### WHAT IS EXPECTED
Start with the first line of the material. Repeat each line exactly through the one that contains "(\<forall>i j. \<exists>n>0.".
::::::::
(* For every $g:E^2\times E^2\to\mathbb R$, $$\log\varphi_1(g)\ge2\log\varphi_0(g).$$
   Context: Let $E$ be a finite set and $P,Q$ irreducible aperiodic stochastic $E\times E$ matrices. For $g:E^2\times E^2\to\mathbb R$, $\varphi_0(g)$ is the spectral radius of the $E^2\times E^2$ matrix $\Phi_0(g)_{(x,y),(x',y')}=\exp(g(x,y,x',y'))P_{x,x'}Q_{y,y'}$ and $\varphi_1(g)$ the spectral radius of the $E^3\times E^3$ matrix $\Phi_1(g)_{(x,y,z),(x',y',z')}=\exp(g(x,y,x',y')+g(x,z,x',z'))P_{x,x'}Q_{y,y'}Q_{z,z'}$. *)

theory Defs
  imports Complex_Main
begin

definition mat_mult :: "('n::finite \<Rightarrow> 'n \<Rightarrow> real) \<Rightarrow> ('n \<Rightarrow> 'n \<Rightarrow> real) \<Rightarrow> ('n \<Rightarrow> 'n \<Rightarrow> real)" where
  "mat_mult A B = (\<lambda>i k. \<Sum>j\<in>UNIV. A i j * B j k)"

fun mat_pow :: "('n::finite \<Rightarrow> 'n \<Rightarrow> real) \<Rightarrow> nat \<Rightarrow> ('n \<Rightarrow> 'n \<Rightarrow> real)" where
  "mat_pow A 0 = (\<lambda>i j. if i = j then 1 else 0)"
| "mat_pow A (Suc n) = mat_mult (mat_pow A n) A"

definition stochastic :: "('n::finite \<Rightarrow> 'n \<Rightarrow> real) \<Rightarrow> bool" where
  "stochastic P \<longleftrightarrow> (\<forall>i j. P i j \<ge> 0) \<and> (\<forall>i. (\<Sum>j\<in>UNIV. P i j) = 1)"

definition irreducible_mat :: "('n::finite \<Rightarrow> 'n \<Rightarrow> real) \<Rightarrow> bool" where
  "irreducible_mat P \<longleftrightarrow> (\<forall>i j. \<exists>n>0. mat_pow P n i j > 0)"

definition period :: "('n::finite \<Rightarrow> 'n \<Rightarrow> real) \<Rightarrow> 'n \<Rightarrow> nat" where
  "period P i = Gcd {n. n > 0 \<and> mat_pow P n i i > 0}"

definition aperiodic :: "('n::finite \<Rightarrow> 'n \<Rightarrow> real) \<Rightarrow> bool" where
  "aperiodic P \<longleftrightarrow> (\<forall>i. period P i = 1)"

definition eigenvalue :: "('n::finite \<Rightarrow> 'n \<Rightarrow> real) \<Rightarrow> complex \<Rightarrow> bool" where
  "eigenvalue M l \<longleftrightarrow> (\<exists>v::'n \<Rightarrow> complex. v \<noteq> (\<lambda>_. 0) \<and>
      (\<forall>i. (\<Sum>j\<in>UNIV. complex_of_real (M i j) * v j) = l * v i))"

definition spectral_radius :: "('n::finite \<Rightarrow> 'n \<Rightarrow> real) \<Rightarrow> real" where
  "spectral_radius M = Max (cmod ` {l. eigenvalue M l})"

definition Phi0 :: "('e::finite \<Rightarrow> 'e \<Rightarrow> real) \<Rightarrow> ('e \<Rightarrow> 'e \<Rightarrow> real) \<Rightarrow>
    ('e \<Rightarrow> 'e \<Rightarrow> 'e \<Rightarrow> 'e \<Rightarrow> real) \<Rightarrow> ('e \<times> 'e) \<Rightarrow> ('e \<times> 'e) \<Rightarrow> real" where
  "Phi0 P Q g = (\<lambda>(x, y) (x', y'). exp (g x y x' y') * P x x' * Q y y')"

definition Phi1 :: "('e::finite \<Rightarrow> 'e \<Rightarrow> real) \<Rightarrow> ('e \<Rightarrow> 'e \<Rightarrow> real) \<Rightarrow>
    ('e \<Rightarrow> 'e \<Rightarrow> 'e \<Rightarrow> 'e \<Rightarrow> real) \<Rightarrow> ('e \<times> 'e \<times> 'e) \<Rightarrow> ('e \<times> 'e \<times> 'e) \<Rightarrow> real" where
  "Phi1 P Q g = (\<lambda>(x, y, z) (x', y', z').
      exp (g x y x' y' + g x z x' z') * P x x' * Q y y' * Q z z')"

definition varphi0 where "varphi0 P Q g = spectral_radius (Phi0 P Q g)"
definition varphi1 where "varphi1 P Q g = spectral_radius (Phi1 P Q g)"

end

theory Submission
  imports
    Defs
    "HOL-Library.Cardinality"
    "HOL-Analysis.Convex"
    "Jordan_Normal_Form.Spectral_Radius"
begin

text \<open>
  Let \<open>R\<^sub>0(k; x, y)\<close> and \<open>R\<^sub>1(k; x, y, z)\<close> be the row sums of \<open>\<Phi>\<^sub>0\<^sup>k\<close> and \<open>\<Phi>\<^sub>1\<^sup>k\<close>.
  Conditionally on the path of the \<open>P\<close>-chain started at \<open>x\<close>, the two \<open>Q\<close>-chains of \<open>\<Phi>\<^sub>1\<close> are
  independent, so \<open>R\<^sub>1(k; x, y, y)\<close> is the \<open>P\<close>-expectation of the square of the quantity whose
  expectation is \<open>R\<^sub>0(k; x, y)\<close>, and Jensen's inequality gives \<open>R\<^sub>0(k; x, y)\<^sup>2 \<le> R\<^sub>1(k; x, y, y)\<close>.
  Without path spaces this becomes an induction over the first step of the \<open>P\<close>-chain, which
  needs arbitrary weights on the starting \<open>Q\<close>-state in place of a fixed \<open>y\<close>.

  The spectral radius of a nonnegative matrix \<open>B\<close> is read off from row sums: the absolute values
  of an eigenvector for an eigenvalue of maximal modulus make some row sum of \<open>B\<^sup>k\<close> at least
  \<open>C \<rho>(B)\<^sup>k\<close>, while the Jordan normal form bounds all entries of \<open>B\<^sup>k\<close> by \<open>C (\<rho>(B) + \<epsilon>)\<^sup>k\<close>.
  Hence \<open>\<phi>\<^sub>0\<^sup>2 \<le> \<phi>\<^sub>1\<close>; and \<open>\<phi>\<^sub>0 \<ge> exp (min g) > 0\<close>, so the logarithms compare.
\<close>

section \<open>Powers of matrices indexed by a finite type\<close>

lemma mat_mult_assoc:
  "mat_mult (mat_mult A B) C = mat_mult A (mat_mult B (C :: 'n::finite \<Rightarrow> 'n \<Rightarrow> real))"
  unfolding mat_mult_def
  by (intro ext) (simp add: sum_distrib_left sum_distrib_right mult.assoc, rule sum.swap)

lemma mat_pow_Suc_left: "mat_pow B (Suc k) = mat_mult B (mat_pow (B :: 'n::finite \<Rightarrow> 'n \<Rightarrow> real) k)"
proof (induction k)
  case 0
  show ?case by (simp add: mat_mult_def if_distrib[of "\<lambda>x. x * _"] if_distrib[of "\<lambda>x. _ * x"] cong: if_cong)
next
  case (Suc k)
  then show ?case by (simp add: mat_mult_assoc)
qed

lemma mat_pow_nonneg:
  "(\<And>i j. 0 \<le> B i j) \<Longrightarrow> 0 \<le> mat_pow (B :: 'n::finite \<Rightarrow> 'n \<Rightarrow> real) k i j"
  by (induction k arbitrary: i j) (auto simp: mat_mult_def intro!: sum_nonneg)

lemma mat_pow_scale:
  "mat_pow (\<lambda>i j. c * B i j) k = (\<lambda>i j. c ^ k * mat_pow (B :: 'n::finite \<Rightarrow> 'n \<Rightarrow> real) k i j)"
  by (induction k) (auto simp: mat_mult_def sum_distrib_left mult_ac)

definition pow_row_sum :: "('n::finite \<Rightarrow> 'n \<Rightarrow> real) \<Rightarrow> nat \<Rightarrow> 'n \<Rightarrow> real" where
  "pow_row_sum B k i = (\<Sum>j\<in>UNIV. mat_pow B k i j)"

lemma pow_row_sum_0 [simp]: "pow_row_sum B 0 i = 1"
  by (simp add: pow_row_sum_def)

lemma pow_row_sum_Suc: "pow_row_sum B (Suc k) i = (\<Sum>j\<in>UNIV. B i j * pow_row_sum B k j)"
  unfolding pow_row_sum_def mat_pow_Suc_left mat_mult_def sum_distrib_left by (rule sum.swap)

section \<open>The spectral radius through Jordan normal forms\<close>

definition enum_idx :: "nat \<Rightarrow> 'n::finite" where
  "enum_idx = (SOME f. bij_betw f {..<CARD('n)} UNIV)"

lemma bij_betw_enum_idx: "bij_betw (enum_idx :: nat \<Rightarrow> 'n::finite) {..<CARD('n)} UNIV"
proof -
  have "\<exists>f :: nat \<Rightarrow> 'n. bij_betw f {..<CARD('n)} UNIV"
    using ex_bij_betw_nat_finite[of "UNIV :: 'n set"] by (simp add: lessThan_atLeast0)
  then show ?thesis
    unfolding enum_idx_def by (rule someI_ex)
qed

lemma enum_idx_surj: "\<exists>i<CARD('n). enum_idx i = (a :: 'n::finite)"
  using bij_betw_enum_idx[where 'n='n] unfolding bij_betw_def by (metis imageE lessThan_iff UNIV_I)

lemma enum_idx_eq_iff:
  "i < CARD('n) \<Longrightarrow> j < CARD('n) \<Longrightarrow> (enum_idx i = (enum_idx j :: 'n::finite)) = (i = j)"
  using bij_betw_enum_idx[where 'n='n] unfolding bij_betw_def inj_on_def by auto

lemma sum_enum_idx: "(\<Sum>a\<in>UNIV. f a) = (\<Sum>i<CARD('n). f (enum_idx i :: 'n::finite))"
  using sum.reindex_bij_betw[OF bij_betw_enum_idx, of f] by simp

definition as_mat :: "('n::finite \<Rightarrow> 'n \<Rightarrow> real) \<Rightarrow> complex mat" where
  "as_mat B = mat CARD('n) CARD('n) (\<lambda>(i, j). complex_of_real (B (enum_idx i) (enum_idx j)))"

definition as_vec :: "('n::finite \<Rightarrow> complex) \<Rightarrow> complex vec" where
  "as_vec v = vec CARD('n) (\<lambda>i. v (enum_idx i))"

lemma as_mat_carrier: "as_mat (B :: 'n::finite \<Rightarrow> 'n \<Rightarrow> real) \<in> carrier_mat CARD('n) CARD('n)"
  by (simp add: as_mat_def)

lemma as_mat_mult: "as_mat (mat_mult A B) = as_mat A * as_mat (B :: 'n::finite \<Rightarrow> 'n \<Rightarrow> real)"
  by (rule eq_matI)
    (auto simp: as_mat_def mat_mult_def scalar_prod_def sum_enum_idx[where 'n='n] lessThan_atLeast0)

lemma as_mat_pow: "as_mat (mat_pow B k) = as_mat (B :: 'n::finite \<Rightarrow> 'n \<Rightarrow> real) ^\<^sub>m k"
proof (induction k)
  case 0
  show ?case
    by (rule eq_matI) (auto simp: as_mat_def enum_idx_eq_iff)
next
  case (Suc k)
  then show ?case by (simp add: as_mat_mult)
qed

lemma as_vec_carrier: "as_vec (v :: 'n::finite \<Rightarrow> complex) \<in> carrier_vec CARD('n)"
  by (simp add: as_vec_def)

lemma as_vec_inject: "as_vec u = as_vec v \<longleftrightarrow> u = (v :: 'n::finite \<Rightarrow> complex)"
proof
  assume eq: "as_vec u = as_vec v"
  show "u = v"
  proof
    fix a :: 'n
    obtain i where "i < CARD('n)" "enum_idx i = a" using enum_idx_surj by blast
    then show "u a = v a" using arg_cong[OF eq, of "\<lambda>w. w $ i"] by (simp add: as_vec_def)
  qed
qed simp

lemma carrier_vec_as_vec:
  assumes "w \<in> carrier_vec CARD('n::finite)"
  shows "\<exists>v :: 'n \<Rightarrow> complex. w = as_vec v"
proof -
  define v :: "'n \<Rightarrow> complex" where "v a = w $ inv_into {..<CARD('n)} enum_idx a" for a
  have "w = as_vec v"
    using assms bij_betw_enum_idx[where 'n='n]
    by (intro eq_vecI) (auto simp: as_vec_def v_def bij_betw_def inv_into_f_f)
  then show ?thesis by blast
qed

lemma as_mat_mult_as_vec:
  "as_mat B *\<^sub>v as_vec v = as_vec (\<lambda>i. \<Sum>j\<in>UNIV. complex_of_real (B i j) * v (j :: 'n::finite))"
  by (rule eq_vecI)
    (auto simp: as_mat_def as_vec_def scalar_prod_def sum_enum_idx[where 'n='n] lessThan_atLeast0)

lemma eigenvalue_iff_as_mat:
  "Defs.eigenvalue B l \<longleftrightarrow> Char_Poly.eigenvalue (as_mat (B :: 'n::finite \<Rightarrow> 'n \<Rightarrow> real)) l"
proof -
  have as_vec_0: "as_vec (\<lambda>_ :: 'n. 0) = 0\<^sub>v CARD('n)"
    by (simp add: as_vec_def zero_vec_def)
  have as_vec_smult: "as_vec (\<lambda>i. l * v i) = l \<cdot>\<^sub>v as_vec v" for v :: "'n \<Rightarrow> complex"
    by (rule eq_vecI) (simp_all add: as_vec_def)
  have eigen_eq: "as_mat B *\<^sub>v as_vec v = l \<cdot>\<^sub>v as_vec v \<longleftrightarrow>
      (\<forall>i. (\<Sum>j\<in>UNIV. complex_of_real (B i j) * v j) = l * v i)" for v :: "'n \<Rightarrow> complex"
    by (simp add: as_mat_mult_as_vec as_vec_smult[symmetric] as_vec_inject fun_eq_iff)
  have nonzero: "as_vec v \<noteq> 0\<^sub>v CARD('n) \<longleftrightarrow> v \<noteq> (\<lambda>_. 0)" for v :: "'n \<Rightarrow> complex"
    by (simp add: as_vec_0[symmetric] as_vec_inject)
  have "Defs.eigenvalue B l \<longleftrightarrow>
      (\<exists>v :: 'n \<Rightarrow> complex. as_vec v \<noteq> 0\<^sub>v CARD('n) \<and> as_mat B *\<^sub>v as_vec v = l \<cdot>\<^sub>v as_vec v)"
    unfolding Defs.eigenvalue_def eigen_eq nonzero ..
  also have "\<dots> \<longleftrightarrow> (\<exists>w \<in> carrier_vec CARD('n). w \<noteq> 0\<^sub>v CARD('n) \<and> as_mat B *\<^sub>v w = l \<cdot>\<^sub>v w)"
    using carrier_vec_as_vec[where 'n='n] as_vec_carrier by blast
  also have "\<dots> \<longleftrightarrow> Char_Poly.eigenvalue (as_mat B) l"
    unfolding Char_Poly.eigenvalue_def eigenvector_def using carrier_matD(1)[OF as_mat_carrier, of B] by auto
  finally show ?thesis .
qed

lemma spectral_radius_as_mat:
  "Defs.spectral_radius B = Spectral_Radius.spectral_radius (as_mat (B :: 'n::finite \<Rightarrow> 'n \<Rightarrow> real))"
  unfolding Defs.spectral_radius_def Spectral_Radius.spectral_radius_def Spectral_Radius.spectrum_def
    eigenvalue_iff_as_mat ..

lemma spectral_radius_attained:
  "\<exists>l. Defs.eigenvalue B l \<and> cmod l = Defs.spectral_radius (B :: 'n::finite \<Rightarrow> 'n \<Rightarrow> real)"
  using spectral_radius_mem_max(1)[OF as_mat_carrier[of B]]
  by (auto simp: spectral_radius_as_mat Spectral_Radius.spectrum_def eigenvalue_iff_as_mat)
::::::::
### SOLUTION TO THIS PROBLEM
(* For every $g:E^2\times E^2\to\mathbb R$, $$\log\varphi_1(g)\ge2\log\varphi_0(g).$$
   Context: Let $E$ be a finite set and $P,Q$ irreducible aperiodic stochastic $E\times E$ matrices. For $g:E^2\times E^2\to\mathbb R$, $\varphi_0(g)$ is the spectral radius of the $E^2\times E^2$ matrix $\Phi_0(g)_{(x,y),(x',y')}=\exp(g(x,y,x',y'))P_{x,x'}Q_{y,y'}$ and $\varphi_1(g)$ the spectral radius of the $E^3\times E^3$ matrix $\Phi_1(g)_{(x,y,z),(x',y',z')}=\exp(g(x,y,x',y')+g(x,z,x',z'))P_{x,x'}Q_{y,y'}Q_{z,z'}$. *)

theory Defs
  imports Complex_Main
begin

definition mat_mult :: "('n::finite \<Rightarrow> 'n \<Rightarrow> real) \<Rightarrow> ('n \<Rightarrow> 'n \<Rightarrow> real) \<Rightarrow> ('n \<Rightarrow> 'n \<Rightarrow> real)" where
  "mat_mult A B = (\<lambda>i k. \<Sum>j\<in>UNIV. A i j * B j k)"

fun mat_pow :: "('n::finite \<Rightarrow> 'n \<Rightarrow> real) \<Rightarrow> nat \<Rightarrow> ('n \<Rightarrow> 'n \<Rightarrow> real)" where
  "mat_pow A 0 = (\<lambda>i j. if i = j then 1 else 0)"
| "mat_pow A (Suc n) = mat_mult (mat_pow A n) A"

definition stochastic :: "('n::finite \<Rightarrow> 'n \<Rightarrow> real) \<Rightarrow> bool" where
  "stochastic P \<longleftrightarrow> (\<forall>i j. P i j \<ge> 0) \<and> (\<forall>i. (\<Sum>j\<in>UNIV. P i j) = 1)"

definition irreducible_mat :: "('n::finite \<Rightarrow> 'n \<Rightarrow> real) \<Rightarrow> bool" where
  "irreducible_mat P \<longleftrightarrow> (\<forall>i j. \<exists>n>0. mat_pow P n i j > 0)"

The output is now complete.